Not all Gemini models are equal for XR Blocks code generation. Google evaluated multiple models against the VCXR-60 benchmark dataset in March 2026. Here’s what the numbers say:
| Model | Mode | Success Rate | Avg. Gen Time | Best For |
|---|---|---|---|---|
| Gemini 2.5 Pro | Pro Mode | > 95% | ~60–90s | Highest accuracy, complex prototypes |
| Gemini 2.5 Flash | Low Thinking | 87.4% | ~17s | Speed priority, rapid iteration |
| Gemini 2.5 Flash | Pro Mode | ~91% | ~35s | Good balance of speed + quality |
Understanding the XR Blocks Architecture (For Developers)
XR Blocks uses a Reality Model — a set of high-level composable abstractions that sit between your prompt and the raw WebXR/three.js engine layer. Unlike a World Model trained end-to-end, the Reality Model gives you replaceable, auditable modules. This is what makes Gemini-generated code predictable and debuggable rather than opaque.

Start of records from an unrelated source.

lemma
  fixes f g :: "complex \<Rightarrow> real"
  assumes S: "open S" and f: "twice_differentiable_on S f" and g: "twice_differentiable_on S g"
  shows twice_differentiable_on_lincomb: "twice_differentiable_on S (\<lambda>w. c * f w + g w)"
    and Lap_lincomb: "z \<in> S \<Longrightarrow> Lap (\<lambda>w. c * f w + g w) z = c * Lap f z + Lap g z"
proof -
  let ?D = "\<lambda>u w. frechet_derivative u (at w)"
  have deriv: "((\<lambda>w. c * u w + v w) has_derivative (\<lambda>h. c * ?D u w h + ?D v w h)) (at w)"
    if "u differentiable at w" "v differentiable at w" for u v :: "complex \<Rightarrow> real" and w
    using that by (auto intro!: derivative_eq_intros simp: frechet_derivative_works[symmetric])
  have diff: "f differentiable at w" "g differentiable at w"
    "px f differentiable at w" "px g differentiable at w"
    "py f differentiable at w" "py g differentiable at w" if "w \<in> S" for w
    using f g that unfolding twice_differentiable_on_def by auto
  note L = Lap_from_derivatives[OF S, of "\<lambda>w. c * f w + g w" "\<lambda>w h. c * ?D f w h + ?D g w h"
      "\<lambda>w. c * px f w + px g w" "\<lambda>w h. c * ?D (px f) w h + ?D (px g) w h"
      "\<lambda>w. c * py f w + py g w" "\<lambda>w h. c * ?D (py f) w h + ?D (py g) w h"]
  have df: "\<And>w. w \<in> S \<Longrightarrow> ((\<lambda>w. c * f w + g w) has_derivative (\<lambda>h. c * ?D f w h + ?D g w h)) (at w)"
    and dP: "\<And>w. w \<in> S \<Longrightarrow> ((\<lambda>w. c * px f w + px g w) has_derivative
      (\<lambda>h. c * ?D (px f) w h + ?D (px g) w h)) (at w)"
    and dQ: "\<And>w. w \<in> S \<Longrightarrow> ((\<lambda>w. c * py f w + py g w) has_derivative
      (\<lambda>h. c * ?D (py f) w h + ?D (py g) w h)) (at w)"
    using diff by (auto intro!: deriv)
  show "twice_differentiable_on S (\<lambda>w. c * f w + g w)"
    by (rule L(1)) (use df dP dQ in \<open>auto simp: px_def py_def\<close>)
  assume z: "z \<in> S"
  have "Lap (\<lambda>w. c * f w + g w) z =
      (c * ?D (px f) z 1 + ?D (px g) z 1 + (c * ?D (py f) z \<i> + ?D (py g) z \<i>)) / 4"
    by (rule L(2)) (use df dP dQ z in \<open>auto simp: px_def py_def\<close>)
  then show "Lap (\<lambda>w. c * f w + g w) z = c * Lap f z + Lap g z"
    unfolding Lap_def[of f] Lap_def[of g] px_def[of "px f"] px_def[of "px g"]
      py_def[of "py f"] py_def[of "py g"]
    by (simp add: field_simps)
qed
lemma exists_efficient_set:
  fixes S :: "nat \<Rightarrow> nat set" and c :: "nat \<Rightarrow> real"
  assumes fin: "finite I" "finite R" and k: "0 < k" "k \<le> card R" and B: "0 \<le> B"
    and cnn: "\<forall>i\<in>I. 0 \<le> c i"
    and cheap: "\<forall>i\<in>I. S i \<inter> R \<noteq> {} \<longrightarrow> ln (real (card I)) * B / real k \<le> c i"
    and cov: "\<forall>X\<subseteq>R. card X = k \<longrightarrow> (\<exists>F\<subseteq>I. covers S F X \<and> sum c F \<le> B)"
  shows "\<exists>i\<in>I. S i \<inter> R \<noteq> {} \<and> c i * real (card R) \<le> exp 2 * B * real (card (S i \<inter> R))"
proof -
  have hits: "\<forall>X\<subseteq>R. card X = k \<longrightarrow> (\<exists>i\<in>I. S i \<inter> X \<noteq> {} \<and> real k * c i \<le> B * real (card (S i \<inter> X)))"
  proof (intro allI impI)
    fix X assume X: "X \<subseteq> R" "card X = k"
    obtain F where F: "F \<subseteq> I" "covers S F X" "sum c F \<le> B" using cov X by blast
    have "finite X" "X \<noteq> {}" using X fin k finite_subset by auto
    then show "\<exists>i\<in>I. S i \<inter> X \<noteq> {} \<and> real k * c i \<le> B * real (card (S i \<inter> X))"
      using cover_has_efficient_member[OF _ F(2,3)] F(1) fin cnn B X finite_subset by blast
  qed
  show ?thesis
  proof (cases "B = 0")
    case True
    obtain X where X: "X \<subseteq> R" "card X = k" using obtain_subset_with_card_n[OF k(2)] by blast
    then obtain i where "i \<in> I" "S i \<inter> X \<noteq> {}" "real k * c i \<le> B * real (card (S i \<inter> X))"
      using hits by blast
    with X k cnn True show ?thesis by (intro bexI[of _ i]) (auto simp: mult_le_0_iff)
  next
    case False
    with B fin k cheap hits show ?thesis by (intro exists_efficient_set_of_hits) auto
  qed
qed

definition log_potential :: "nat \<Rightarrow> real" where
  "log_potential r = (if r = 0 then 0 else 1 + ln (real r))"

lemma log_potential_nonneg: "0 \<le> log_potential r"
  unfolding log_potential_def by auto

lemma log_potential_step:
  assumes "1 \<le> d" "d \<le> r" shows "real d / real r + log_potential (r - d) \<le> log_potential r"
proof (cases "d = r")
  case True then show ?thesis using assms unfolding log_potential_def by simp
next
  case False
  with assms have rd: "0 < r - d" and r0: "0 < r" by simp_all
  have "ln (real (r - d) / real r) \<le> real (r - d) / real r - 1"
    using rd r0 by (intro ln_le_minus_one) auto
  also have "\<dots> = - (real d / real r)" using assms r0 by (simp add: of_nat_diff field_simps)
  finally show ?thesis using rd r0 unfolding log_potential_def by (simp add: ln_div)
qed

lemma log_potential_amortized:
  assumes "x * real r \<le> exp 2 * B * real d" "1 \<le> d" "d \<le> r" "0 \<le> B"
    and "y \<le> exp 2 * B * log_potential (r - d) + B"
  shows "x + y \<le> exp 2 * B * log_potential r + B"
proof -
  have "x \<le> exp 2 * B * (real d / real r)"
    using assms(1-3) by (simp add: field_simps)
  then have "x + y \<le> exp 2 * B * (real d / real r + log_potential (r - d)) + B"
    using assms(5) by (simp add: algebra_simps)
  also have "\<dots> \<le> exp 2 * B * log_potential r + B"
    using log_potential_step[OF assms(2,3)] assms(4) by (simp add: mult_left_mono)
  finally show ?thesis .
qed
(* Let $\xi>0$, $\alpha>0$, and consider, for $\sigma\ge0$, $\rho\ge0$, $y\in\mathbb{R}$, the system \[ \begin{aligned} \dot\sigma&=\sigma(-2+\rho\sigma+\rho^2)\left(y-\tfrac{\alpha}{\xi}\right)\bigl(1+O(\rho)\bigr),\\ \dot y&=\sigma+y\rho\sigma\left(y-\tfrac{\alpha}{\xi}\right)\bigl(1+O(\rho)\bigr),\\ \dot\rho&=\rho(2-\rho\sigma)\left(y-\tfrac{\alpha}{\xi}\right)\bigl(1+O(\rho)\bigr), \end{aligned} \] where the $O(\rho)$ terms are smooth functions vanishing at $\rho=0$. Then the planes $\{\rho=0\}$ and $\{\sigma=0\}$ are invariant and their intersection $\{\rho=\sigma=0\}$ is a line of fixed points. Moreover: (i) the origin $(\sigma,y,\rho)=(0,0,0)$ has the strong stable manifold $W^s(0,0,0)=\{\sigma=0,\ y=0,\ \rho\ge0\}$; (ii) there is a heteroclinic connection $\gamma^{2,4}=\{\sigma=\tfrac{2\alpha}{\xi}y-y^2,\ y\in(0,2\alpha/\xi),\ \rho=0\}$ joining $(0,0,0)$ backwards in time with $(\sigma,y,\rho)=(0,2\alpha/\xi,0)$ forward in time; (iii) the point $(0,2\alpha/\xi,0)$ has the strong unstable manifold $W^u(0,2\alpha/\xi,0)=\{\sigma=0,\ y=2\alpha/\xi,\ \rho\ge0\}$.
   Context: This system is the flow on the attracting center manifold $x=-1-\alpha+O(r+q)$ of the system $\dot r=r^2q(y+\frac{x+1}{\xi})$, $\dot x=-(x+1+\alpha)+xrq(y+\frac{x+1}{\xi})$, $\dot y=r+yrq(y+\frac{x+1}{\xi})$, $\dot q=q^2(2-r)(y+\frac{x+1}{\xi})$, written in the blow-up coordinates $r=\rho\sigma$, $q=\rho$ and divided by $\rho$; the plane $\rho=0$ corresponds to the blown-up line $L_0=\{r=q=0,\ x=-1-\alpha\}$. *)

theory Defs
  imports "HOL-Analysis.Analysis"
begin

The central concept is the Script — the narrative and logical heart of any XR Blocks app. A Script wires together input events, AI calls, world state, and UI updates into a coherent experience loop. When Gemini generates XR Blocks code, it’s really generating a Script that calls the right modules in the right order.
The architectural philosophy draws explicitly from Python’s Zen: readability counts. Every XR Blocks API is designed to be understood at a glance, which is exactly what makes LLM code generation for it so reliable.
⚡ Quick Start: Your First XR Blocks App
Three paths to get hands-on immediately:
Option A — Vibe Coding (No code knowledge needed)
// 1. Go to gemini.google.com
// 2. Load the XR Blocks Gem
// 3. Type your prompt and hit enter
"Create a solar system in XR where I can
grab planets with my hands and see their
orbital data as floating labels."Option B — Fork the GitHub repo
git clone https://github.com/xrblocks/xrblocks
cd xrblocks
# Browse /templates and /samples
# Each folder is a standalone XR app
npm install && npm run devOption C — Start from an XR Blocks template
// Minimal XR Blocks scene
import { XRScene, World, User, AI } from 'xrblocks';
const scene = new XRScene();
const world = scene.addModule(new World({ physics: true }));
const user = scene.addModule(new User({ hands: true }));
const ai = scene.addModule(new AI({ model: 'gemini-2.5-flash' }));
user.on('pinch', (object) => ai.describe(object));Where This Is Heading
The XR Blocks team has a clear roadmap: the current xrblocks.js web SDK is the first step. Future versions are planned to extend to native platforms via LLM-powered compilers — meaning the same prompt-to-XR pipeline that works in the browser today will eventually compile down to native Android XR and other hardware targets.
The larger vision is closing the virtuous cycle that exists in AI research but not yet in XR: a thriving ecosystem of reproducible demos, shared benchmarks, and community-iterated components. Every demo built with XR Blocks is meant to be reusable by others — turning individual prototypes into building blocks for the next one.
Google Research is explicitly inviting the HCI, AI, and XR communities to contribute to the XR Blocks ecosystem. The benchmark dataset (VCXR-60) and the Gemini Gem configuration are both available alongside the framework.